Meta’s removal of end-to-end encryption from Instagram direct messages, effective May 8, 2026, is a significant moment in the ongoing story of digital privacy. The change was disclosed through a quiet help page update. But while the feature is gone, the story it represents is far from over.
Encryption on Instagram was introduced in 2023 as an opt-in feature following Zuckerberg’s 2019 commitment. Its removal reflects the outcome of years of competing pressures — from law enforcement, from child safety advocates, from commercial interests, and from strategic platform positioning. The feature became a battleground for all of these forces.
After May 8, Meta will have full access to all Instagram DMs. The immediate story is of a privacy feature lost. But the broader story is of what comes next: how Meta uses the data it now has access to, how regulators respond, and whether the advocacy community can build a stronger case for encryption as a standard right.

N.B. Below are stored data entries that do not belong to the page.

lemma ham_eq_bond_sum:
  "ham N J S = - J * (\<Sum>r\<in>torus N. bond_energy (\<lambda>r. even (fst r)) (step1 N) S r
                                  + bond_energy (\<lambda>r. even (snd r)) (step2 N) S r)"
  by (simp add: ham_def bond_energy_def)

lemma Gform_eq_bond_sum:
  "Gform N \<theta> \<phi> = (\<Sum>r\<in>torus N. bond_stiffness (\<lambda>r. even (fst r)) (step1 N) \<theta> \<phi> r
                                + bond_stiffness (\<lambda>r. even (snd r)) (step2 N) \<theta> \<phi> r) / 2"
  by (simp add: Gform_def bond_stiffness_def)

lemma step1_bij: "0 < N \<Longrightarrow> bij_betw (step1 N) (torus N) (torus N)"
  unfolding bij_betw_def
  by (intro conjI endo_inj_surj)
     (auto simp: inj_on_def step1_def torus_def mod_if split: if_splits)

lemma step2_bij: "0 < N \<Longrightarrow> bij_betw (step2 N) (torus N) (torus N)"
  unfolding bij_betw_def
  by (intro conjI endo_inj_surj)
     (auto simp: inj_on_def step2_def torus_def mod_if split: if_splits)

lemma even_fst_step1: "even N \<Longrightarrow> r \<in> torus N \<Longrightarrow> even (fst (step1 N r)) \<longleftrightarrow> odd (fst r)"
  by (auto simp: step1_def torus_def mod_Suc)

lemma even_snd_step2: "even N \<Longrightarrow> r \<in> torus N \<Longrightarrow> even (snd (step2 N r)) \<longleftrightarrow> odd (snd r)"
  by (auto simp: step2_def torus_def mod_Suc)

lemma sum_if_swap_bij:
  fixes f g :: "'s \<Rightarrow> 'a::comm_monoid_add"
  assumes "bij_betw \<sigma> T T" "\<And>r. r \<in> T \<Longrightarrow> p (\<sigma> r) \<longleftrightarrow> \<not> p r"
  shows "(\<Sum>r\<in>T. if p r then f (\<sigma> r) else g (\<sigma> r)) = (\<Sum>r\<in>T. if p r then g r else f r)"
proof -
  have "(\<Sum>r\<in>T. if p r then f (\<sigma> r) else g (\<sigma> r))
      = (\<Sum>r\<in>T. (\<lambda>x. if p x then g x else f x) (\<sigma> r))"
    using assms(2) by (intro sum.cong) auto
  also have "\<dots> = (\<Sum>r\<in>T. if p r then g r else f r)"
    by (rule sum.reindex_bij_betw[OF assms(1)])
  finally show ?thesis .
qed

lemma bond_energy_sum:
  assumes "bij_betw \<sigma> T T" "\<And>r. r \<in> T \<Longrightarrow> p (\<sigma> r) \<longleftrightarrow> \<not> p r"
    and unit: "\<And>r. r \<in> T \<Longrightarrow> fst (S r)^2 + snd (S r)^2 = 1"
  shows "(\<Sum>r\<in>T. bond_energy p \<sigma> S r) = real (card T) / 2
           - (\<Sum>r\<in>T. if p r then (fst (S r) - fst (S (\<sigma> r)))^2
                         else (snd (S r) - snd (S (\<sigma> r)))^2) / 2"
proof -
  define X Y where "X r = fst (S r)" and "Y r = snd (S r)" for r
  define chord where "chord r = (if p r then (X r - X (\<sigma> r))^2 else (Y r - Y (\<sigma> r))^2)" for r
  have prod: "x * y = x^2/2 + y^2/2 - (x - y)^2/2" for x y :: real
    by (simp add: power2_eq_square field_simps)
  have "(\<Sum>r\<in>T. bond_energy p \<sigma> S r)
      = (\<Sum>r\<in>T. if p r then X r^2/2 else Y r^2/2)
        + (\<Sum>r\<in>T. if p r then X (\<sigma> r)^2/2 else Y (\<sigma> r)^2/2) - (\<Sum>r\<in>T. chord r / 2)"
    unfolding sum.distrib[symmetric] sum_subtractf[symmetric]
    by (intro sum.cong) (auto simp: bond_energy_def chord_def X_def Y_def prod)
  also have "(\<Sum>r\<in>T. if p r then X (\<sigma> r)^2/2 else Y (\<sigma> r)^2/2)
           = (\<Sum>r\<in>T. if p r then Y r^2/2 else X r^2/2)"
    by (rule sum_if_swap_bij[where p = p, OF assms(1,2)])
  also have "(\<Sum>r\<in>T. if p r then X r^2/2 else Y r^2/2) + \<dots> = (\<Sum>r\<in>T. 1/2)"
    unfolding sum.distrib[symmetric] using unit by (intro sum.cong) (auto simp: X_def Y_def add.commute)
  finally show ?thesis
    unfolding chord_def X_def Y_def by (simp add: sum_divide_distrib)
qed

lemma bond_energy_sum_approx:
  assumes "bij_betw \<sigma> T T" "\<And>r. r \<in> T \<Longrightarrow> p (\<sigma> r) \<longleftrightarrow> \<not> p r"
    and small: "\<And>r. r \<in> T \<Longrightarrow> \<bar>\<phi> r\<bar> < 2 * \<Delta>" and "\<Delta> < 1"
  shows "\<bar>real (card T) / 2 - (\<Sum>r\<in>T. bond_energy p \<sigma> (spin_config \<theta> \<phi>) r)
            - (\<Sum>r\<in>T. bond_stiffness p \<sigma> \<theta> \<phi> r) / 2\<bar> \<le> 44 * real (card T) * \<Delta>^3"
proof -
  let ?S = "spin_config \<theta> \<phi>"
  define chord where "chord r = (if p r then (fst (?S r) - fst (?S (\<sigma> r)))^2
                                   else (snd (?S r) - snd (?S (\<sigma> r)))^2)" for r
  have "\<bar>chord r - bond_stiffness p \<sigma> \<theta> \<phi> r\<bar> \<le> 88 * \<Delta>^3" if "r \<in> T" for r
  proof -
    have "\<bar>\<phi> r\<bar> < 2 * \<Delta>" "\<bar>\<phi> (\<sigma> r)\<bar> < 2 * \<Delta>"
      using small bij_betwE[OF assms(1)] that by blast+
    then show ?thesis
      using cos_chord_sq_approx sin_chord_sq_approx \<open>\<Delta> < 1\<close>
      by (simp add: chord_def bond_stiffness_def spin_config_def)
  qed
  then have "\<bar>(\<Sum>r\<in>T. chord r - bond_stiffness p \<sigma> \<theta> \<phi> r)\<bar> \<le> (\<Sum>r\<in>T. 88 * \<Delta>^3)"
    by (intro order_trans[OF sum_abs sum_mono])
  moreover have "(\<Sum>r\<in>T. bond_energy p \<sigma> ?S r) = real (card T) / 2 - (\<Sum>r\<in>T. chord r) / 2"
    unfolding chord_def
    by (rule bond_energy_sum[where p = p, OF assms(1,2)]) (auto simp: spin_config_def)
  ultimately show ?thesis
    by (simp add: sum_subtractf)
qed

theorem lemma4p4:
  shows "\<exists>c::real. 0 < c \<and>
    (\<forall>(N::nat) (J::real) (\<theta>::real) (\<Delta>::real) (\<phi>::nat \<times> nat \<Rightarrow> real).
       even N \<and> 0 < N \<and> 0 < J \<and> \<Delta> < 1 \<and>
       (\<forall>r\<in>torus N. \<phi> r \<in> {-pi<..pi} \<and>
                      norm (spin_config \<theta> \<phi> r - evec \<theta>) < \<Delta>)
       \<longrightarrow> \<bar>ham N J (spin_config \<theta> \<phi>) + J * real (card (torus N))
             - J * Gform N \<theta> \<phi>\<bar>
           \<le> c * J * real (card (torus N)) * \<Delta>^3)"
proof (intro exI[of _ 88] conjI allI impI)
  show "(0::real) < 88" by simp
next
  fix N :: nat and J \<theta> \<Delta> :: real and \<phi> :: "nat \<times> nat \<Rightarrow> real"
  assume "even N \<and> 0 < N \<and> 0 < J \<and> \<Delta> < 1 \<and> (\<forall>r\<in>torus N. \<phi> r \<in> {-pi<..pi} \<and>
            norm (spin_config \<theta> \<phi> r - evec \<theta>) < \<Delta>)"
  then have N: "even N" "0 < N" and J: "0 < J" and "\<Delta> < 1"
    and "\<And>r. r \<in> torus N \<Longrightarrow> \<phi> r \<in> {-pi<..pi} \<and> norm (evec (\<theta> + \<phi> r) - evec \<theta>) < \<Delta>"
    by (auto simp: spin_config_eq_evec)
  then have small: "\<bar>\<phi> r\<bar> < 2 * \<Delta>" if "r \<in> torus N" for r
    using abs_angle_lt_of_norm_evec_diff that by blast
  let ?T = "real (card (torus N))"
  let ?err = "\<lambda>p \<sigma>. ?T/2 - (\<Sum>r\<in>torus N. bond_energy p \<sigma> (spin_config \<theta> \<phi>) r)
                      - (\<Sum>r\<in>torus N. bond_stiffness p \<sigma> \<theta> \<phi> r) / 2"
  have "\<bar>?err (\<lambda>r. even (fst r)) (step1 N)\<bar> \<le> 44 * ?T * \<Delta>^3"
    using step1_bij[OF N(2)] even_fst_step1[OF N(1)] small \<open>\<Delta> < 1\<close>
    by (rule bond_energy_sum_approx)
  moreover have "\<bar>?err (\<lambda>r. even (snd r)) (step2 N)\<bar> \<le> 44 * ?T * \<Delta>^3"
    using step2_bij[OF N(2)] even_snd_step2[OF N(1)] small \<open>\<Delta> < 1\<close>
    by (rule bond_energy_sum_approx)
  moreover have "ham N J (spin_config \<theta> \<phi>) + J * ?T - J * Gform N \<theta> \<phi>
      = J * (?err (\<lambda>r. even (fst r)) (step1 N) + ?err (\<lambda>r. even (snd r)) (step2 N))"
    by (simp add: ham_eq_bond_sum Gform_eq_bond_sum sum.distrib algebra_simps)
  ultimately show "\<bar>ham N J (spin_config \<theta> \<phi>) + J * ?T - J * Gform N \<theta> \<phi>\<bar>
      \<le> 88 * J * ?T * \<Delta>^3"
    using J by (simp add: abs_mult)
qed

end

Law enforcement agencies including the FBI, Interpol, and national bodies in Australia and the UK had achieved their goal. Child safety advocates had won an important victory. Australia reportedly saw the feature deactivated before the global deadline.
Digital Rights Watch and others are clear that the story continues. Tom Sulston argued that the removal of Instagram’s encryption is a chapter, not a conclusion. He and the broader privacy community are committed to writing the next chapter — one in which encryption is treated as a fundamental right, not a feature that can be quietly removed when it becomes inconvenient.